Please reproduce the whole listing without altering anything.

» **RECORDS SHOWN**
---------------

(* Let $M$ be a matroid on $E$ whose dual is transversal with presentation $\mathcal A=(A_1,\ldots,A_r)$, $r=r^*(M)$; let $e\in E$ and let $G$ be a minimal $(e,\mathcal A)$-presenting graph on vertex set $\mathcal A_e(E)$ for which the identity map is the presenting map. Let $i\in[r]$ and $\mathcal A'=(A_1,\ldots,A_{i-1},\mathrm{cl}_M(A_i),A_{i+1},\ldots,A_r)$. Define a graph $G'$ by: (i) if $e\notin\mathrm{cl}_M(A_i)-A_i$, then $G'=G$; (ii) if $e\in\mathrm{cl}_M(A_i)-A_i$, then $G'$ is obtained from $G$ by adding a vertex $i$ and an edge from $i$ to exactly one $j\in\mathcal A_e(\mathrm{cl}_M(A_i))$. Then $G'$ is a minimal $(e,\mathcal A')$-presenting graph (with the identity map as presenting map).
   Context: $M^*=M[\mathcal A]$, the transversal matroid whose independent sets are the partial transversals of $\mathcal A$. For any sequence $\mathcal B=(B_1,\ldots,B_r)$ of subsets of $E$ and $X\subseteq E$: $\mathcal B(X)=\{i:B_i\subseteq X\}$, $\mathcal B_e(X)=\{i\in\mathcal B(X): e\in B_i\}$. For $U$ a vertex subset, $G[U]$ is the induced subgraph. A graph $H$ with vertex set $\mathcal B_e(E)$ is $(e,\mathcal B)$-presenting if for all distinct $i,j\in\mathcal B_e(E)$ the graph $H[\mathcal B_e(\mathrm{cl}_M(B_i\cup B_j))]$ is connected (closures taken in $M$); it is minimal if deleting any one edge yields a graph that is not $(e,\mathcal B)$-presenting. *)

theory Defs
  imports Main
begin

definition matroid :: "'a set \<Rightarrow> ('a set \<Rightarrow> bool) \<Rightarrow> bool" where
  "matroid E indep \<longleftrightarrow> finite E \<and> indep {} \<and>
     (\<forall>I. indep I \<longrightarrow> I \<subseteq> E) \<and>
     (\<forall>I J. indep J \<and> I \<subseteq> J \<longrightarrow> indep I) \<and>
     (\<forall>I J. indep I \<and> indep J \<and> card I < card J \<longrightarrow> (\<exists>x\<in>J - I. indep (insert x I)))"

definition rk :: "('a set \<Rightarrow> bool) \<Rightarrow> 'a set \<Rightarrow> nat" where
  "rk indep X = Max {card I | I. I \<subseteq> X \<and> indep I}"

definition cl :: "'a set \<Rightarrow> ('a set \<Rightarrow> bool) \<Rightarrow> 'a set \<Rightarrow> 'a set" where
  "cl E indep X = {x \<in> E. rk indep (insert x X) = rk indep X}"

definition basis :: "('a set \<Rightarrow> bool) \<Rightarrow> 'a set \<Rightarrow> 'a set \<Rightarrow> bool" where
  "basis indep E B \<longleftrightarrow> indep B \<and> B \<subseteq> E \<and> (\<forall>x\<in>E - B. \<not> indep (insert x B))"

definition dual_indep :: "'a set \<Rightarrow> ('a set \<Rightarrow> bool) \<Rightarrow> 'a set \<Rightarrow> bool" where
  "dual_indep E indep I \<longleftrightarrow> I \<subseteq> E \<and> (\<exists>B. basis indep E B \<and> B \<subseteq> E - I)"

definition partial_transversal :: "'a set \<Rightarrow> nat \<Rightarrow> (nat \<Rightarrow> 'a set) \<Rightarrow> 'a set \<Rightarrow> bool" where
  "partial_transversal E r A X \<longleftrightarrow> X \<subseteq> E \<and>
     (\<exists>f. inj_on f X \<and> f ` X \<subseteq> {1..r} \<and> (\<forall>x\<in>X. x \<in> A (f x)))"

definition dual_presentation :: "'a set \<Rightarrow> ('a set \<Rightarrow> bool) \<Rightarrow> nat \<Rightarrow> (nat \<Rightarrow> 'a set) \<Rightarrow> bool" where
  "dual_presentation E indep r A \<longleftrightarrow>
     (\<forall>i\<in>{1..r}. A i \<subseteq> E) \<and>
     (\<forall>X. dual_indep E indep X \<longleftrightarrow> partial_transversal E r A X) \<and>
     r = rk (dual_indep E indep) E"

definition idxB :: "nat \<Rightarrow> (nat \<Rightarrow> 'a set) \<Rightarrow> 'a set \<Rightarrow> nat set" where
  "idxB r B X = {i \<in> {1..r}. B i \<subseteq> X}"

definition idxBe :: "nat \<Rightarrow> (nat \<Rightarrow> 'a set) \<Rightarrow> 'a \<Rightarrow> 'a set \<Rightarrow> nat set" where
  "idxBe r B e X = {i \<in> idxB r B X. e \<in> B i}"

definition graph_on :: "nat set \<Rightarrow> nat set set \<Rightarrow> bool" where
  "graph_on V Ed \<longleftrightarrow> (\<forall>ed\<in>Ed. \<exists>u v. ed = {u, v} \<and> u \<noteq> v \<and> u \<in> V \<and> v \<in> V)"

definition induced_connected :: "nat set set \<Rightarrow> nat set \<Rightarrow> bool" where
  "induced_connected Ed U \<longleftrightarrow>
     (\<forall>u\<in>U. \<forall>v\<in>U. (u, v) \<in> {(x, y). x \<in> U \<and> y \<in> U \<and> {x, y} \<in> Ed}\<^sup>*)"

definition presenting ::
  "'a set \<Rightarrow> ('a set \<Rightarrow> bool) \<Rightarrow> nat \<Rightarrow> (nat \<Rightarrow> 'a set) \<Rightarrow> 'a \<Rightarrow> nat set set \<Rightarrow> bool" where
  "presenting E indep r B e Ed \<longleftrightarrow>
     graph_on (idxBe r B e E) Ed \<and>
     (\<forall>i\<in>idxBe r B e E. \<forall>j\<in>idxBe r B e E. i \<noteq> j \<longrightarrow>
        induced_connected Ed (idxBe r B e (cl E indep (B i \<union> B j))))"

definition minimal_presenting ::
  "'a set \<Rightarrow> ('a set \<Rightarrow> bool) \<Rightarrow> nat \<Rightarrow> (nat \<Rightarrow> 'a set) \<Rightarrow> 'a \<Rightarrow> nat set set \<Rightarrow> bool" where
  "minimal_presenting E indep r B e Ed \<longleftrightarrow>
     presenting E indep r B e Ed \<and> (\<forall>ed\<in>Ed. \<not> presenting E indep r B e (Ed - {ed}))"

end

---------------

» **TASK RESPONSE**
(* Let $M$ be a matroid on $E$ whose dual is transversal with presentation $\mathcal A=(A_1,\ldots,A_r)$, $r=r^*(M)$; let $e\in E$ and let $G$ be a minimal $(e,\mathcal A)$-presenting graph on vertex set $\mathcal A_e(E)$ for which the identity map is the presenting map. Let $i\in[r]$ and $\mathcal A'=(A_1,\ldots,A_{i-1},\mathrm{cl}_M(A_i),A_{i+1},\ldots,A_r)$. Define a graph $G'$ by: (i) if $e\notin\mathrm{cl}_M(A_i)-A_i$, then $G'=G$; (ii) if $e\in\mathrm{cl}_M(A_i)-A_i$, then $G'$ is obtained from $G$ by adding a vertex $i$ and an edge from $i$ to exactly one $j\in\mathcal A_e(\mathrm{cl}_M(A_i))$. Then $G'$ is a minimal $(e,\mathcal A')$-presenting graph (with the identity map as presenting map).
   Context: $M^*=M[\mathcal A]$, the transversal matroid whose independent sets are the partial transversals of $\mathcal A$. For any sequence $\mathcal B=(B_1,\ldots,B_r)$ of subsets of $E$ and $X\subseteq E$: $\mathcal B(X)=\{i:B_i\subseteq X\}$, $\mathcal B_e(X)=\{i\in\mathcal B(X): e\in B_i\}$. For $U$ a vertex subset, $G[U]$ is the induced subgraph. A graph $H$ with vertex set $\mathcal B_e(E)$ is $(e,\mathcal B)$-presenting if for all distinct $i,j\in\mathcal B_e(E)$ the graph $H[\mathcal B_e(\mathrm{cl}_M(B_i\cup B_j))]$ is connected (closures taken in $M$); it is minimal if deleting any one edge yields a graph that is not $(e,\mathcal B)$-presenting. *)

theory Defs
  imports Main
begin

definition matroid :: "'a set \<Rightarrow> ('a set \<Rightarrow> bool) \<Rightarrow> bool" where
  "matroid E indep \<longleftrightarrow> finite E \<and> indep {} \<and>
     (\<forall>I. indep I \<longrightarrow> I \<subseteq> E) \<and>
     (\<forall>I J. indep J \<and> I \<subseteq> J \<longrightarrow> indep I) \<and>
     (\<forall>I J. indep I \<and> indep J \<and> card I < card J \<longrightarrow> (\<exists>x\<in>J - I. indep (insert x I)))"

definition rk :: "('a set \<Rightarrow> bool) \<Rightarrow> 'a set \<Rightarrow> nat" where
  "rk indep X = Max {card I | I. I \<subseteq> X \<and> indep I}"

definition cl :: "'a set \<Rightarrow> ('a set \<Rightarrow> bool) \<Rightarrow> 'a set \<Rightarrow> 'a set" where
  "cl E indep X = {x \<in> E. rk indep (insert x X) = rk indep X}"

definition basis :: "('a set \<Rightarrow> bool) \<Rightarrow> 'a set \<Rightarrow> 'a set \<Rightarrow> bool" where
  "basis indep E B \<longleftrightarrow> indep B \<and> B \<subseteq> E \<and> (\<forall>x\<in>E - B. \<not> indep (insert x B))"

definition dual_indep :: "'a set \<Rightarrow> ('a set \<Rightarrow> bool) \<Rightarrow> 'a set \<Rightarrow> bool" where
  "dual_indep E indep I \<longleftrightarrow> I \<subseteq> E \<and> (\<exists>B. basis indep E B \<and> B \<subseteq> E - I)"

definition partial_transversal :: "'a set \<Rightarrow> nat \<Rightarrow> (nat \<Rightarrow> 'a set) \<Rightarrow> 'a set \<Rightarrow> bool" where
  "partial_transversal E r A X \<longleftrightarrow> X \<subseteq> E \<and>
     (\<exists>f. inj_on f X \<and> f ` X \<subseteq> {1..r} \<and> (\<forall>x\<in>X. x \<in> A (f x)))"

definition dual_presentation :: "'a set \<Rightarrow> ('a set \<Rightarrow> bool) \<Rightarrow> nat \<Rightarrow> (nat \<Rightarrow> 'a set) \<Rightarrow> bool" where
  "dual_presentation E indep r A \<longleftrightarrow>
     (\<forall>i\<in>{1..r}. A i \<subseteq> E) \<and>
     (\<forall>X. dual_indep E indep X \<longleftrightarrow> partial_transversal E r A X) \<and>
     r = rk (dual_indep E indep) E"

definition idxB :: "nat \<Rightarrow> (nat \<Rightarrow> 'a set) \<Rightarrow> 'a set \<Rightarrow> nat set" where
  "idxB r B X = {i \<in> {1..r}. B i \<subseteq> X}"

definition idxBe :: "nat \<Rightarrow> (nat \<Rightarrow> 'a set) \<Rightarrow> 'a \<Rightarrow> 'a set \<Rightarrow> nat set" where
  "idxBe r B e X = {i \<in> idxB r B X. e \<in> B i}"

definition graph_on :: "nat set \<Rightarrow> nat set set \<Rightarrow> bool" where
  "graph_on V Ed \<longleftrightarrow> (\<forall>ed\<in>Ed. \<exists>u v. ed = {u, v} \<and> u \<noteq> v \<and> u \<in> V \<and> v \<in> V)"

definition induced_connected :: "nat set set \<Rightarrow> nat set \<Rightarrow> bool" where
  "induced_connected Ed U \<longleftrightarrow>
     (\<forall>u\<in>U. \<forall>v\<in>U. (u, v) \<in> {(x, y). x \<in> U \<and> y \<in> U \<and> {x, y} \<in> Ed}\<^sup>*)"

definition presenting ::
  "'a set \<Rightarrow> ('a set \<Rightarrow> bool) \<Rightarrow> nat \<Rightarrow> (nat \<Rightarrow> 'a set) \<Rightarrow> 'a \<Rightarrow> nat set set \<Rightarrow> bool" where
  "presenting E indep r B e Ed \<longleftrightarrow>
     graph_on (idxBe r B e E) Ed \<and>
     (\<forall>i\<in>idxBe r B e E. \<forall>j\<in>idxBe r B e E. i \<noteq> j \<longrightarrow>
        induced_connected Ed (idxBe r B e (cl E indep (B i \<union> B j))))"

definition minimal_presenting ::
  "'a set \<Rightarrow> ('a set \<Rightarrow> bool) \<Rightarrow> nat \<Rightarrow> (nat \<Rightarrow> 'a set) \<Rightarrow> 'a \<Rightarrow> nat set set \<Rightarrow> bool" where
  "minimal_presenting E indep r B e Ed \<longleftrightarrow>
     presenting E indep r B e Ed \<and> (\<forall>ed\<in>Ed. \<not> presenting E indep r B e (Ed - {ed}))"

end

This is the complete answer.